Prediction target proteins through the cross-species drug-target (CSDT) interaction assessment model

In the elucidation of the pharmacological activities of the filtered active ingredients in erchen decoction, knowledge of potential targets is of highest importance, which remains an ongoing focus in drug discovery efforts [31]. In silico prediction of such interaction is in favor of improving the efficiency of the laborious and costly experimental determination of drug-target interaction [32, 33]. However, limiting by the scope of the training datasets, both in chemical space as well as biological space, current drug-target interaction prediction models, especially ligand-based methods, seem to be all trivially adapted to make predictions for new targets of human drugs. Thus, there is still no available target prediction model for veterinary drugs.
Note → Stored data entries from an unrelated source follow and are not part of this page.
lemma integral_periodization:
  fixes F :: "real \<Rightarrow> real" and p :: real and K :: "int set"
  assumes "p > 0" "finite K" and F: "integrable lborel F"
    and support: "\<And>y. F y \<noteq> 0 \<Longrightarrow> \<lfloor>y / p\<rfloor> \<in> K"
  shows "(\<integral>x. indicator {0..<p} x * (\<Sum>k\<in>K. F (x + p * k)) \<partial>lborel) = (\<integral>y. F y \<partial>lborel)"
proof -
  have shifted: "integrable lborel (\<lambda>x. indicator {0..<p} x * F (x + p * k))" for k :: int
    using integrable_periodization[OF F, of p "{k}"] by simp
  have shift: "(\<integral>x. indicator {0..<p} x * F (x + p * k) \<partial>lborel)
      = (\<integral>y. indicator {p * k..<p * k + p} y * F y \<partial>lborel)" for k :: int
    using lborel_integral_real_affine[of 1 "\<lambda>y. indicator {p * k..<p * k + p} y * F y" "p * k"]
    by (simp add: indicator_def add.commute)
  have cells: "(\<Sum>k\<in>K. indicator {p * k..<p * k + p} y * F y) = F y" for y
  proof (cases "F y = 0")
    case False
    have "indicator {p * k..<p * k + p} y * F y = (if k = \<lfloor>y / p\<rfloor> then F y else 0)" for k :: int
      using floor_divide_eq_iff_mem_cell[OF \<open>p > 0\<close>, of y k] by (auto simp: indicator_def)
    with support[OF False] \<open>finite K\<close> show ?thesis
      by simp
  qed simp
  have "(\<integral>x. indicator {0..<p} x * (\<Sum>k\<in>K. F (x + p * k)) \<partial>lborel)
      = (\<Sum>k\<in>K. \<integral>x. indicator {0..<p} x * F (x + p * k) \<partial>lborel)"
    unfolding sum_distrib_left using shifted by (intro Bochner_Integration.integral_sum) auto
  also have "\<dots> = (\<Sum>k\<in>K. \<integral>y. indicator {p * k..<p * k + p} y * F y \<partial>lborel)"
    using shift by simp
  also have "\<dots> = (\<integral>y. (\<Sum>k\<in>K. indicator {p * k..<p * k + p} y * F y) \<partial>lborel)"
    using integrable_mult_indicator[OF _ F] by (intro Bochner_Integration.integral_sum[symmetric]) auto
  also have "\<dots> = (\<integral>y. F y \<partial>lborel)"
    unfolding cells ..
  finally show ?thesis .
qed

lemma exists_shift_sum_le_integral:
  fixes F :: "real \<Rightarrow> real" and p :: real and K :: "int set"
  assumes "p > 0" "finite K" and F: "integrable lborel F"
    and support: "\<And>y. F y \<noteq> 0 \<Longrightarrow> \<lfloor>y / p\<rfloor> \<in> K"
  shows "\<exists>x\<in>{0..<p}. (\<Sum>k\<in>K. F (x + p * k)) \<le> (\<integral>y. F y \<partial>lborel) / p"
proof (rule ccontr)
  define A where "A = (\<integral>y. F y \<partial>lborel) / p"
  define S where "S x = (\<Sum>k\<in>K. F (x + p * k))" for x
  assume "\<not> ?thesis"
  then have above: "A < S x" if "x \<in> {0..<p}" for x
    using that by (auto simp: A_def S_def not_le)
  define D where "D x = indicator {0..<p} x * S x - A * indicator {0..<p} x" for x
  have D: "integrable lborel D"
    unfolding D_def S_def using integrable_periodization[OF F] \<open>p > 0\<close>
    by (intro Bochner_Integration.integrable_diff integrable_mult_right integrable_real_indicator) auto
  have D_nonneg: "0 \<le> D x" for x
    using above[of x] by (auto simp: D_def indicator_def)
  have "(\<integral>x. D x \<partial>lborel) = (\<integral>y. F y \<partial>lborel) - A * p"
    unfolding D_def S_def using integrable_periodization[OF F] integral_periodization[OF assms] \<open>p > 0\<close>
    by simp
  also have "\<dots> = 0"
    using \<open>p > 0\<close> by (simp add: A_def)
  finally have "AE x in lborel. D x = 0"
    using D D_nonneg by (subst (asm) integral_nonneg_eq_0_iff_AE) auto
  then have "AE x in lborel. x \<notin> {0..<p}"
    by eventually_elim (use above in \<open>auto simp: D_def\<close>)
  then have "emeasure lborel {0..<p} = 0"
    by (subst (asm) AE_iff_measurable[of "{0..<p}"]) auto
  with \<open>p > 0\<close> show False
    by simp
qed

lemma grid_eq_image:
  "grid a b eps xe = (\<lambda>k. xe + 2 * eps * real_of_int k) ` {k. xe + 2 * eps * k \<in> {a + eps<..<b - eps}}"
  by (auto simp: grid_def)

lemma finite_grid:
  fixes a b eps xe :: real
  assumes "eps > 0"
  shows "finite (grid a b eps xe)"
proof -
  have "{k::int. xe + 2 * eps * k \<in> {a + eps<..<b - eps}}
      \<subseteq> {\<lfloor>(a - xe) / (2 * eps)\<rfloor>..\<lceil>(b - xe) / (2 * eps)\<rceil>}"
  proof
    fix k :: int
    assume "k \<in> {k. xe + 2 * eps * k \<in> {a + eps<..<b - eps}}"
    then have "(a - xe) / (2 * eps) \<le> k" "k \<le> (b - xe) / (2 * eps)"
      using assms by (auto simp: field_simps)
    then show "k \<in> {\<lfloor>(a - xe) / (2 * eps)\<rfloor>..\<lceil>(b - xe) / (2 * eps)\<rceil>}"
      by (simp add: floor_le_iff le_ceiling_iff)
  qed
  then have "finite {k::int. xe + 2 * eps * k \<in> {a + eps<..<b - eps}}"
    by (rule finite_subset) simp
  then show ?thesis
    unfolding grid_eq_image by simp
qed

lemma sum_grid_eq_sum_shifts:
  fixes F :: "real \<Rightarrow> real" and a b eps xe :: real and K :: "int set"
  assumes "eps > 0" "0 \<le> xe" "xe < 2 * eps" "finite K"
    and cells: "\<And>y. y \<in> {a + eps<..<b - eps} \<Longrightarrow> \<lfloor>y / (2 * eps)\<rfloor> \<in> K"
    and support: "\<And>y. y \<notin> {a + eps<..<b - eps} \<Longrightarrow> F y = 0"
  shows "(\<Sum>x\<in>grid a b eps xe. F x) = (\<Sum>k\<in>K. F (xe + 2 * eps * k))"
proof -
  define J where "J = {k::int. xe + 2 * eps * k \<in> {a + eps<..<b - eps}}"
  have "J \<subseteq> K"
  proof
    fix k assume "k \<in> J"
    moreover have "\<lfloor>(xe + 2 * eps * k) / (2 * eps)\<rfloor> = k"
      using floor_divide_eq_iff_mem_cell[of "2 * eps" "xe + 2 * eps * k" k] assms(1-3) by simp
    ultimately show "k \<in> K"
      using cells unfolding J_def by force
  qed
  have "(\<Sum>x\<in>grid a b eps xe. F x) = (\<Sum>k\<in>J. F (xe + 2 * eps * k))"
    unfolding grid_eq_image J_def[symmetric] using \<open>eps > 0\<close>
    by (subst sum.reindex) (auto simp: inj_on_def)
  also have "\<dots> = (\<Sum>k\<in>K. F (xe + 2 * eps * k))"
    using \<open>J \<subseteq> K\<close> \<open>finite K\<close> support unfolding J_def
    by (intro sum.mono_neutral_left) auto
  finally show ?thesis .
qed

lemma Ieps_subset_of_mem_grid:
  "x \<in> grid a b eps xe \<Longrightarrow> Ieps eps x \<subseteq> {a<..<b}"
  by (auto simp: grid_def Ieps_def)

lemma disjoint_family_on_Ieps_grid:
  fixes a b eps xe :: real
  assumes "eps > 0"
  shows "disjoint_family_on (Ieps eps) (grid a b eps xe)"
  unfolding disjoint_family_on_def
proof (intro ballI impI)
  fix x y assume "x \<in> grid a b eps xe" "y \<in> grid a b eps xe" "x \<noteq> y"
  then obtain k l :: int where kl: "x = xe + 2 * eps * k" "y = xe + 2 * eps * l" "k \<noteq> l"
    by (auto simp: grid_def)
  then have "1 \<le> \<bar>real_of_int (k - l)\<bar>"
    by linarith
  then have "2 * eps \<le> 2 * eps * \<bar>real_of_int (k - l)\<bar>"
    using assms by simp
  also have "\<dots> = \<bar>x - y\<bar>"
  proof -
    have "x - y = 2 * eps * real_of_int (k - l)"
      using kl by (simp add: algebra_simps)
    with assms show ?thesis
      by (simp add: abs_mult)
  qed
  finally show "Ieps eps x \<inter> Ieps eps y = {}"
    by (auto simp: Ieps_def)
qed

lemma grid_selection:
  fixes g :: "real \<Rightarrow> real" and a b eps xe :: real
  assumes "eps > 0" and g: "set_integrable lborel {a<..<b} g"
  defines "G \<equiv> grid a b eps xe"
  shows "\<exists>G'\<subseteq>G. (LINT t:(\<Union>x\<in>G'. Ieps eps x)|lborel. \<bar>g t\<bar>) + 2 * real (card (G - G'))
      = (\<Sum>x\<in>G. min (LINT t:Ieps eps x|lborel. \<bar>g t\<bar>) 2)"
proof -
  define J where "J x = (LINT t:Ieps eps x|lborel. \<bar>g t\<bar>)" for x
  define G' where "G' = {x \<in> G. J x \<le> 2}"
  have "finite G" "G' \<subseteq> G"
    using finite_grid[OF \<open>eps > 0\<close>] by (auto simp: G_def G'_def)
  have "(LINT t:(\<Union>x\<in>G'. Ieps eps x)|lborel. \<bar>g t\<bar>) = (\<Sum>x\<in>G'. J x)"
    unfolding J_def
  proof (rule set_integral_finite_UN_AE)
    show "finite G'"
      using \<open>finite G\<close> \<open>G' \<subseteq> G\<close> by (rule finite_subset[rotated])
    show "AE t in lborel. t \<in> Ieps eps x \<and> t \<in> Ieps eps y \<longrightarrow> x = y" if "x \<in> G'" "y \<in> G'" for x y
      using disjoint_family_on_Ieps_grid[OF \<open>eps > 0\<close>, of a b xe] that \<open>G' \<subseteq> G\<close>
      by (intro AE_I2) (auto simp: G_def disjoint_family_on_def)
    show "Ieps eps x \<in> sets lborel" for x
      by (simp add: Ieps_def)
    show "set_integrable lborel (Ieps eps x) (\<lambda>t. \<bar>g t\<bar>)" if "x \<in> G'" for x
      using that \<open>G' \<subseteq> G\<close> Ieps_subset_of_mem_grid[of x a b eps xe]
      by (intro set_integrable_subset[OF set_integrable_abs[OF g]]) (auto simp: G_def Ieps_def)
  qed
  moreover have "(\<Sum>x\<in>G. min (J x) 2) = (\<Sum>x\<in>G - G'. min (J x) 2) + (\<Sum>x\<in>G'. min (J x) 2)"
    using \<open>G' \<subseteq> G\<close> \<open>finite G\<close> by (rule sum.subset_diff)
  moreover have "(\<Sum>x\<in>G - G'. min (J x) 2) = (\<Sum>x\<in>G - G'. 2)"
    by (intro sum.cong) (auto simp: G'_def)
  moreover have "(\<Sum>x\<in>G - G'. 2) = 2 * real (card (G - G'))"
    by simp
  moreover have "(\<Sum>x\<in>G'. min (J x) 2) = (\<Sum>x\<in>G'. J x)"
    by (simp add: G'_def)
  ultimately show ?thesis
    using \<open>G' \<subseteq> G\<close> unfolding J_def by (intro exI[of _ G']) auto
qed

lemma fcut_avg_eq_min_of_Ieps_subset:
  fixes g :: "real \<Rightarrow> real"
  assumes "c0 > 0" "eps > 0" "Ieps eps x \<subseteq> {a<..<b}"
  shows "2 / c0 * fcut c0 (eps * avg (Ieps eps x \<inter> {a<..<b}) (\<lambda>t. \<bar>g t\<bar>))
    = min (LINT t:Ieps eps x|lborel. \<bar>g t\<bar>) 2"
proof -
  define J where "J = (LINT t:Ieps eps x|lborel. \<bar>g t\<bar>)"
  have "J \<ge> 0"
    unfolding J_def set_lebesgue_integral_def by (intro integral_nonneg_AE) simp
  have "Ieps eps x \<inter> {a<..<b} = Ieps eps x"
    using assms(3) by blast
  moreover have "measure lborel (Ieps eps x) = 2 * eps"
    using \<open>eps > 0\<close> by (simp add: Ieps_def)
  ultimately have "eps * avg (Ieps eps x \<inter> {a<..<b}) (\<lambda>t. \<bar>g t\<bar>) = J / 2"
    using \<open>eps > 0\<close> by (simp add: avg_def J_def)
  with \<open>J \<ge> 0\<close> \<open>c0 > 0\<close> show ?thesis
    by (simp add: fcut_eq_min J_def min_mult_distrib_left flip: min_divide_distrib_right)
qed

lemma exists_grid_sum_le_average:
  fixes h :: "real \<Rightarrow> real" and a b eps M :: real
  assumes "eps > 0" and h [measurable]: "h \<in> borel_measurable borel"
    and h_bounds: "\<And>y. 0 \<le> h y" "\<And>y. h y \<le> M"
  shows "\<exists>xe. (\<Sum>x\<in>grid a b eps xe. h x) \<le> (LINT y:{a<..<b}|lborel. h y) / (2 * eps)"
proof -
  define p where "p = 2 * eps"
  define K where "K = {\<lfloor>(a + eps) / p\<rfloor>..\<lfloor>(b - eps) / p\<rfloor>}"
  define F where "F y = indicator {a + eps<..<b - eps} y * h y" for y
  have "p > 0"
    using \<open>eps > 0\<close> by (simp add: p_def)
  have h_ab: "integrable lborel (\<lambda>y. indicator {a<..<b} y * h y)"
  proof (rule Bochner_Integration.integrable_bound)
    show "integrable lborel (\<lambda>y. M * indicator {a<..<b} y :: real)"
      by (cases "a \<le> b") auto
    show "AE y in lborel. norm (indicator {a<..<b} y * h y) \<le> norm (M * indicator {a<..<b} y :: real)"
      using h_bounds by (intro AE_I2) (auto simp: indicator_def intro: order_trans[OF _ abs_ge_self])
  qed simp
  have F_eq: "F y = indicator {a + eps<..<b - eps} y * (indicator {a<..<b} y * h y)" for y
    using \<open>eps > 0\<close> by (auto simp: F_def indicator_def)
  have F: "integrable lborel F"
    unfolding F_eq[abs_def] using integrable_mult_indicator[OF _ h_ab] by simp
  have cells: "\<lfloor>y / p\<rfloor> \<in> K" if "y \<in> {a + eps<..<b - eps}" for y
    using that \<open>p > 0\<close> by (auto simp: K_def intro!: floor_mono divide_right_mono)
  have support: "F y = 0" if "y \<notin> {a + eps<..<b - eps}" for y
    using that by (simp add: F_def)
  obtain xe where xe: "0 \<le> xe" "xe < p" and le: "(\<Sum>k\<in>K. F (xe + p * k)) \<le> (\<integral>y. F y \<partial>lborel) / p"
  proof -
    have "F y \<noteq> 0 \<Longrightarrow> \<lfloor>y / p\<rfloor> \<in> K" for y
      using cells support by blast
    then show ?thesis
      using exists_shift_sum_le_integral[OF \<open>p > 0\<close> _ F, of K] that by (auto simp: K_def)
  qed
  have "(\<Sum>x\<in>grid a b eps xe. h x) = (\<Sum>x\<in>grid a b eps xe. F x)"
    by (intro sum.cong) (auto simp: F_def grid_def)
  also have "\<dots> = (\<Sum>k\<in>K. F (xe + p * k))"
    using sum_grid_eq_sum_shifts[of eps xe K a b F] \<open>eps > 0\<close> xe cells support
    by (simp add: p_def K_def)
  also have "\<dots> \<le> (\<integral>y. F y \<partial>lborel) / p"
    by (rule le)
  also have "(\<integral>y. F y \<partial>lborel) \<le> (LINT y:{a<..<b}|lborel. h y)"
    unfolding set_lebesgue_integral_def using h_ab h_bounds \<open>eps > 0\<close>
    by (intro integral_mono_AE' AE_I2) (auto simp: F_def indicator_def)
  finally show ?thesis
    using \<open>p > 0\<close> by (auto simp: p_def divide_right_mono)
qed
To obtain the target proteins of the filtered active ingredients, we build a random forest [18] target prediction model, which expands the predicted protein scope to all Swiss-Prot in the Uniprot database [19], including 549,649 sequences involving 13,241 species such as Eukaryotes, Procaryotes, and Viruses (see materials and methods). The algorithm is based on extraction of conserved patterns from subdivided drug-target interaction vectors. The advantage of this model lies in that it allows us to take proteins of different species into accounts and thus predict the targets of a broad spectrum of species on a large scale. And indeed there are a similar model that we have contributed in our previous work which has been successfully applied to human target protein prediction [34]. Also, to evaluate the reliability of CSDT, we further compare the AUC of CSDT with the BATMAN-TCM [35] and HGBI method [36]. Although, the other two models outperforms CSDT, CSDT has wide adaptation range which provides help for target prediction of VHM. Thus, we can conclude that the target prediction model in this work is reliable to predict the targets that causes Bovine pneumonia. In addition, to guarantee the comprehensive of the target of active ingredients in erchen decoction, we further introduce the WES algorithm into this part [24]. WES quantitatively evaluates whether a molecule will direct bind to a target based on the weighted structural and physicochemical features it shares with known ligands of the target.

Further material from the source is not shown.